Required action
Lines holding the word "with" are the ones to copy from the data below.

(Saved entries)
lemma summable_on_pairs_if_rows:
  fixes g :: "'a \<times> 'a \<Rightarrow> real"
  assumes "finite F"
    and sym: "\<And>x y. g (x, y) = g (y, x)"
    and nonneg: "\<And>p. 0 \<le> g p"
    and rows: "\<And>x. x \<in> F \<Longrightarrow> (\<lambda>y. g (x, y)) summable_on UNIV"
    and vanish: "\<And>x y. x \<notin> F \<Longrightarrow> y \<notin> F \<Longrightarrow> g (x, y) = 0"
  shows "g summable_on UNIV"
proof -
  have "g summable_on F \<times> UNIV"
    using rows nonneg \<open>finite F\<close>
    by (intro summable_on_SigmaI[where g = "\<lambda>x. \<Sum>\<^sub>\<infinity>y. g (x, y)"]) auto
  moreover have "(\<lambda>(x, y). g (y, x)) = g"
    using sym by auto
  ultimately have "g summable_on F \<times> UNIV \<union> UNIV \<times> F"
    using summable_on_swap[of g F UNIV] by (auto intro: summable_on_union)
  then show ?thesis
    by (rule summable_on_cong_neutral[THEN iffD1, rotated -1]) (auto intro: vanish)
qed

lemma energy_summable:
  assumes wg: "weighted_graph b" and "f \<in> Cc"
  shows "(\<lambda>(x, y). b x y * (cmod (f x - f y))\<^sup>2) summable_on UNIV"
proof (rule summable_on_pairs_if_rows[where F = "{x. f x \<noteq> 0}"])
  show "finite {x. f x \<noteq> 0}"
    using \<open>f \<in> Cc\<close> by (simp add: Cc_def)
  show "(\<lambda>y. (\<lambda>(x, y). b x y * (cmod (f x - f y))\<^sup>2) (x, y)) summable_on UNIV" for x
  proof -
    have "(\<lambda>y. (cmod (f x))\<^sup>2 * b x y) summable_on UNIV"
      by (intro summable_on_cmult_right weighted_graph_summable[OF wg])
    then have "(\<lambda>y. (cmod (f x))\<^sup>2 * b x y) summable_on - {y. f y \<noteq> 0}"
      by (rule summable_on_subset) simp
    then have "(\<lambda>y. b x y * (cmod (f x - f y))\<^sup>2) summable_on - {y. f y \<noteq> 0}"
      by (rule summable_on_cong[THEN iffD1, rotated]) simp
    then have "(\<lambda>y. b x y * (cmod (f x - f y))\<^sup>2) summable_on - {y. f y \<noteq> 0} \<union> {y. f y \<noteq> 0}"
      using \<open>finite {x. f x \<noteq> 0}\<close> by (intro summable_on_union) auto
    then show ?thesis
      by simp
  qed
  show "(\<lambda>(x, y). b x y * (cmod (f x - f y))\<^sup>2) (x, y)
      = (\<lambda>(x, y). b x y * (cmod (f x - f y))\<^sup>2) (y, x)" for x y
    by (simp add: weighted_graph_sym[OF wg, of x y] norm_minus_commute)
qed (auto simp: weighted_graph_nonneg[OF wg])

lemma qV_norm_le:
  assumes wg: "weighted_graph b" and "f \<in> Cc"
  shows "qV b V (\<lambda>x. of_real (cmod (f x))) \<le> qV b V f"
proof -
  have "(\<lambda>x. complex_of_real (cmod (f x))) \<in> Cc"
    using \<open>f \<in> Cc\<close> by (simp add: Cc_def)
  moreover have "b x y * (cmod (of_real (cmod (f x)) - of_real (cmod (f y))))\<^sup>2
      \<le> b x y * (cmod (f x - f y))\<^sup>2" for x y
  proof -
    have "(cmod (f x) - cmod (f y))\<^sup>2 \<le> (cmod (f x - f y))\<^sup>2"
      by (metis abs_ge_zero norm_triangle_ineq3 power2_abs power_mono)
    then show ?thesis
      by (simp add: mult_left_mono weighted_graph_nonneg[OF wg])
  qed
  ultimately have "(\<Sum>\<^sub>\<infinity>(x, y). b x y * (cmod (of_real (cmod (f x)) - of_real (cmod (f y))))\<^sup>2)
      \<le> (\<Sum>\<^sub>\<infinity>(x, y). b x y * (cmod (f x - f y))\<^sup>2)"
    using \<open>f \<in> Cc\<close> by (intro infsum_mono energy_summable[OF wg]) auto
  then show ?thesis
    by (simp add: qV_def)
qed

lemma qV_of_real:
  "qV b V (\<lambda>x. of_real (v x))
    = 1/2 * (\<Sum>\<^sub>\<infinity>(x, y). b x y * (v x - v y)\<^sup>2) + (\<Sum>\<^sub>\<infinity>x. (v x)\<^sup>2 * V x)"
  by (simp add: qV_def)

lemma energy_add_point_mass:
  fixes u :: "'a::countable \<Rightarrow> real" and z :: 'a and t :: real
  assumes wg: "weighted_graph b" and u: "finite {x. u x \<noteq> 0}"
  defines "w x \<equiv> u x + (if x = z then t else 0)"
  shows "(\<Sum>\<^sub>\<infinity>(x, y). b x y * (w x - w y)\<^sup>2)
    = (\<Sum>\<^sub>\<infinity>(x, y). b x y * (u x - u y)\<^sup>2)
      + 2 * ((t\<^sup>2 + 2 * t * u z) * (\<Sum>\<^sub>\<infinity>y. b z y) - 2 * t * (\<Sum>\<^sub>\<infinity>y. b z y * u y))"
    (is "infsum ?Ew UNIV = infsum ?Eu UNIV + 2 * ?r")
proof -
  \<comment> \<open>Only the edges at \<open>z\<close> change: \<open>D\<close> is the change along row \<open>z\<close>, its transpose the change along column \<open>z\<close>.\<close>
  define D where "D = (\<lambda>(x, y). if x = z then b z y * (t\<^sup>2 + 2 * t * (u z - u y)) else 0)"
  have "(\<lambda>x. complex_of_real (u x)) \<in> Cc"
    using u by (simp add: Cc_def)
  from energy_summable[OF wg this] have "?Eu summable_on UNIV"
    by simp
  have "(\<lambda>y. b z y * u y) summable_on UNIV"
    by (rule finite_nonzero_values_imp_summable_on, rule finite_subset[OF _ u]) auto
  then have "((\<lambda>y. (t\<^sup>2 + 2 * t * u z) * b z y + (- 2 * t) * (b z y * u y))
      has_sum ((t\<^sup>2 + 2 * t * u z) * (\<Sum>\<^sub>\<infinity>y. b z y) + (- 2 * t) * (\<Sum>\<^sub>\<infinity>y. b z y * u y))) UNIV"
    by (intro has_sum_add has_sum_cmult_right has_sum_infsum weighted_graph_summable[OF wg])
  then have "((\<lambda>y. b z y * (t\<^sup>2 + 2 * t * (u z - u y))) has_sum ?r) UNIV"
    by (simp add: algebra_simps)
  then have D: "(D has_sum ?r) UNIV"
    unfolding D_def by (rule has_sum_row)
  then have "((\<lambda>(x, y). D (y, x)) has_sum ?r) UNIV"
    using has_sum_swap[of D UNIV UNIV ?r] by simp
  with D \<open>?Eu summable_on UNIV\<close>
  have "((\<lambda>p. ?Eu p + D p + D (snd p, fst p)) has_sum (infsum ?Eu UNIV + ?r + ?r)) UNIV"
    by (intro has_sum_add has_sum_infsum) (auto simp: case_prod_unfold)
  moreover have "?Eu (x, y) + D (x, y) + D (y, x) = ?Ew (x, y)" for x y
    using weighted_graph_diag[OF wg, of z] weighted_graph_sym[OF wg, of x y]
    by (cases "x = z"; cases "y = z") (simp_all add: D_def w_def power2_eq_square algebra_simps)
  then have "(\<lambda>p. ?Eu p + D p + D (snd p, fst p)) = ?Ew"
    by (auto simp: fun_eq_iff)
  ultimately show ?thesis
    by (simp add: infsumI)
qed

lemma potential_add_point_mass:
  fixes u :: "'a \<Rightarrow> real"
  assumes "finite {x. u x \<noteq> 0}"
  shows "(\<Sum>\<^sub>\<infinity>x. (u x + (if x = z then t else 0))\<^sup>2 * V x)
    = (\<Sum>\<^sub>\<infinity>x. (u x)\<^sup>2 * V x) + (t\<^sup>2 + 2 * t * u z) * V z"
proof -
  have "(\<lambda>x. (u x)\<^sup>2 * V x) summable_on UNIV"
    by (rule finite_nonzero_values_imp_summable_on, rule finite_subset[OF _ assms]) auto
  moreover have "((\<lambda>x. if x = z then (t\<^sup>2 + 2 * t * u z) * V z else 0)
      has_sum (t\<^sup>2 + 2 * t * u z) * V z) UNIV"
    by (rule has_sum_finite_neutralI[of "{z}"]) auto
  ultimately have "((\<lambda>x. (u x)\<^sup>2 * V x + (if x = z then (t\<^sup>2 + 2 * t * u z) * V z else 0))
      has_sum ((\<Sum>\<^sub>\<infinity>x. (u x)\<^sup>2 * V x) + (t\<^sup>2 + 2 * t * u z) * V z)) UNIV"
    by (intro has_sum_add has_sum_infsum)
  moreover have "(\<lambda>x. (u x)\<^sup>2 * V x + (if x = z then (t\<^sup>2 + 2 * t * u z) * V z else 0))
      = (\<lambda>x. (u x + (if x = z then t else 0))\<^sup>2 * V x)"
    by (auto simp: power2_eq_square algebra_simps)
  ultimately show ?thesis
    by (simp add: infsumI)
qed

lemma qV_add_point_mass:
  fixes u :: "'a::countable \<Rightarrow> real"
  assumes "weighted_graph b" and "finite {x. u x \<noteq> 0}"
  shows "qV b V (\<lambda>x. of_real (u x + (if x = z then t else 0)))
    = qV b V (\<lambda>x. of_real (u x)) + t\<^sup>2 * ((\<Sum>\<^sub>\<infinity>y. b z y) + V z)
      + 2 * t * (((\<Sum>\<^sub>\<infinity>y. b z y) + V z) * u z - (\<Sum>\<^sub>\<infinity>y. b z y * u y))"
  unfolding qV_of_real energy_add_point_mass[OF assms] potential_add_point_mass[OF assms(2)]
  by (simp add: algebra_simps)

lemma qV_zero_imp_harmonic:
  fixes u :: "'a::countable \<Rightarrow> real"
  assumes wg: "weighted_graph b" and "qV_nonneg b V" and u: "finite {x. u x \<noteq> 0}"
    and "qV b V (\<lambda>x. of_real (u x)) = 0"
  shows "(\<Sum>\<^sub>\<infinity>y. b z y * u y) = ((\<Sum>\<^sub>\<infinity>y. b z y) + V z) * u z"
proof -
  have "0 \<le> ((\<Sum>\<^sub>\<infinity>y. b z y) + V z) * t\<^sup>2
      + 2 * (((\<Sum>\<^sub>\<infinity>y. b z y) + V z) * u z - (\<Sum>\<^sub>\<infinity>y. b z y * u y)) * t" for t
  proof -
    have "(\<lambda>x. complex_of_real (u x + (if x = z then t else 0))) \<in> Cc"
      unfolding Cc_def by (auto intro: finite_subset[of _ "insert z {x. u x \<noteq> 0}"] u)
    with \<open>qV_nonneg b V\<close> have "0 \<le> qV b V (\<lambda>x. complex_of_real (u x + (if x = z then t else 0)))"
      unfolding qV_nonneg_def by blast
    then show ?thesis
      unfolding qV_add_point_mass[OF wg u] \<open>qV b V (\<lambda>x. of_real (u x)) = 0\<close>
      by (simp add: algebra_simps)
  qed
  then have "2 * (((\<Sum>\<^sub>\<infinity>y. b z y) + V z) * u z - (\<Sum>\<^sub>\<infinity>y. b z y * u y)) = 0"
    by (rule quadratic_nonneg_imp_linear_coeff_zero)
  then show ?thesis
    by simp
qed

lemma qV_zero_vanishes_at_neighbour:
  assumes wg: "weighted_graph b" and nonneg: "qV_nonneg b V" and h: "h \<in> Cc"
    and "qV b V h = 0" and "h x = 0" and "0 < b x y"
  shows "h y = 0"
proof -
  define u where "u y = cmod (h y)" for y
  have u: "finite {y. u y \<noteq> 0}"
    using h by (simp add: u_def Cc_def)
  have "qV b V (\<lambda>y. of_real (u y)) = 0"
  proof (rule antisym)
    show "qV b V (\<lambda>y. of_real (u y)) \<le> 0"
      using qV_norm_le[OF wg h, of V] \<open>qV b V h = 0\<close> by (simp add: u_def)
    show "0 \<le> qV b V (\<lambda>y. of_real (u y))"
      using nonneg u by (simp add: qV_nonneg_def Cc_def)
  qed
  then have "(\<Sum>\<^sub>\<infinity>y. b x y * u y) = 0"
    using qV_zero_imp_harmonic[OF wg nonneg u, of x] \<open>h x = 0\<close> by (simp add: u_def)
  moreover have "(\<lambda>y. b x y * u y) summable_on UNIV"
    by (rule finite_nonzero_values_imp_summable_on, rule finite_subset[OF _ u]) auto
  ultimately have "b x y * u y = 0"
    by (intro nonneg_infsum_le_0D[where A = UNIV]) (auto simp: u_def weighted_graph_nonneg[OF wg])
  with \<open>0 < b x y\<close> show ?thesis
    by (simp add: u_def)
qed

lemma qV_zero_support_closed:
  assumes wg: "weighted_graph b" and nonneg: "qV_nonneg b V" and h: "h \<in> Cc"
    and q0: "qV b V h = 0" and "h x \<noteq> 0" and "graph_connected b x y"
  shows "h y \<noteq> 0"
  using \<open>graph_connected b x y\<close> unfolding graph_connected_def
proof (induction rule: rtranclp_induct)
  case base
  show ?case using \<open>h x \<noteq> 0\<close> .
next
  case (step y z)
  then have "0 < b z y"
    using weighted_graph_sym[OF wg] by simp
  with step.IH show ?case
    using qV_zero_vanishes_at_neighbour[OF wg nonneg h q0] by blast
qed

lemma eq_Union_components_if_closed:
  assumes "\<And>x y. x \<in> S \<Longrightarrow> graph_connected b x y \<Longrightarrow> y \<in> S"
  shows "S = \<Union> (component b ` S)"
  using assms by (auto simp: component_def graph_connected_def)

theorem lemma4p4:
  fixes b :: "'a::countable \<Rightarrow> 'a \<Rightarrow> real" and V :: "'a \<Rightarrow> real"
  assumes "weighted_graph b" and "qV_nonneg b V"
  shows "(\<forall>h\<in>Cc. qV b V h = 0 \<longrightarrow>
           (\<exists>\<C>\<subseteq>components b. {x. h x \<noteq> 0} = \<Union>\<C>)) \<and>
         ((\<forall>C\<in>components b. infinite C) \<longrightarrow>
           (\<forall>h\<in>Cc. qV b V h = 0 \<longrightarrow> h = (\<lambda>_. 0)))"
proof (intro conjI ballI impI)
  have support: "{x. h x \<noteq> 0} = \<Union> (component b ` {x. h x \<noteq> 0})"
    if "h \<in> Cc" "qV b V h = 0" for h
    by (rule eq_Union_components_if_closed) (use qV_zero_support_closed[OF assms that] in blast)
  show "\<exists>\<C>\<subseteq>components b. {x. h x \<noteq> 0} = \<Union>\<C>" if "h \<in> Cc" "qV b V h = 0" for h
  proof (intro exI conjI)
    show "component b ` {x. h x \<noteq> 0} \<subseteq> components b"
      by (auto simp: components_def)
  qed (rule support[OF that])
  show "h = (\<lambda>_. 0)"
    if "\<forall>C\<in>components b. infinite C" "h \<in> Cc" "qV b V h = 0" for h
  proof (rule ccontr)
    assume "h \<noteq> (\<lambda>_. 0)"
    then obtain x where "h x \<noteq> 0"
      by auto
    then have "component b x \<subseteq> {x. h x \<noteq> 0}"
      using support[OF that(2,3)] by blast
    moreover have "finite {x. h x \<noteq> 0}"
      using \<open>h \<in> Cc\<close> by (simp add: Cc_def)
    moreover have "infinite (component b x)"
      using that(1) by (simp add: components_def)
    ultimately show False
      using finite_subset by blast
  qed
qed

end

Solution to the problem
  with D \<open>?Eu summable_on UNIV\<close>
    with \<open>qV_nonneg b V\<close> have "0 \<le> qV b V (\<lambda>x. complex_of_real (u x + (if x = z then t else 0)))"
  with \<open>0 < b x y\<close> show ?thesis
  with step.IH show ?case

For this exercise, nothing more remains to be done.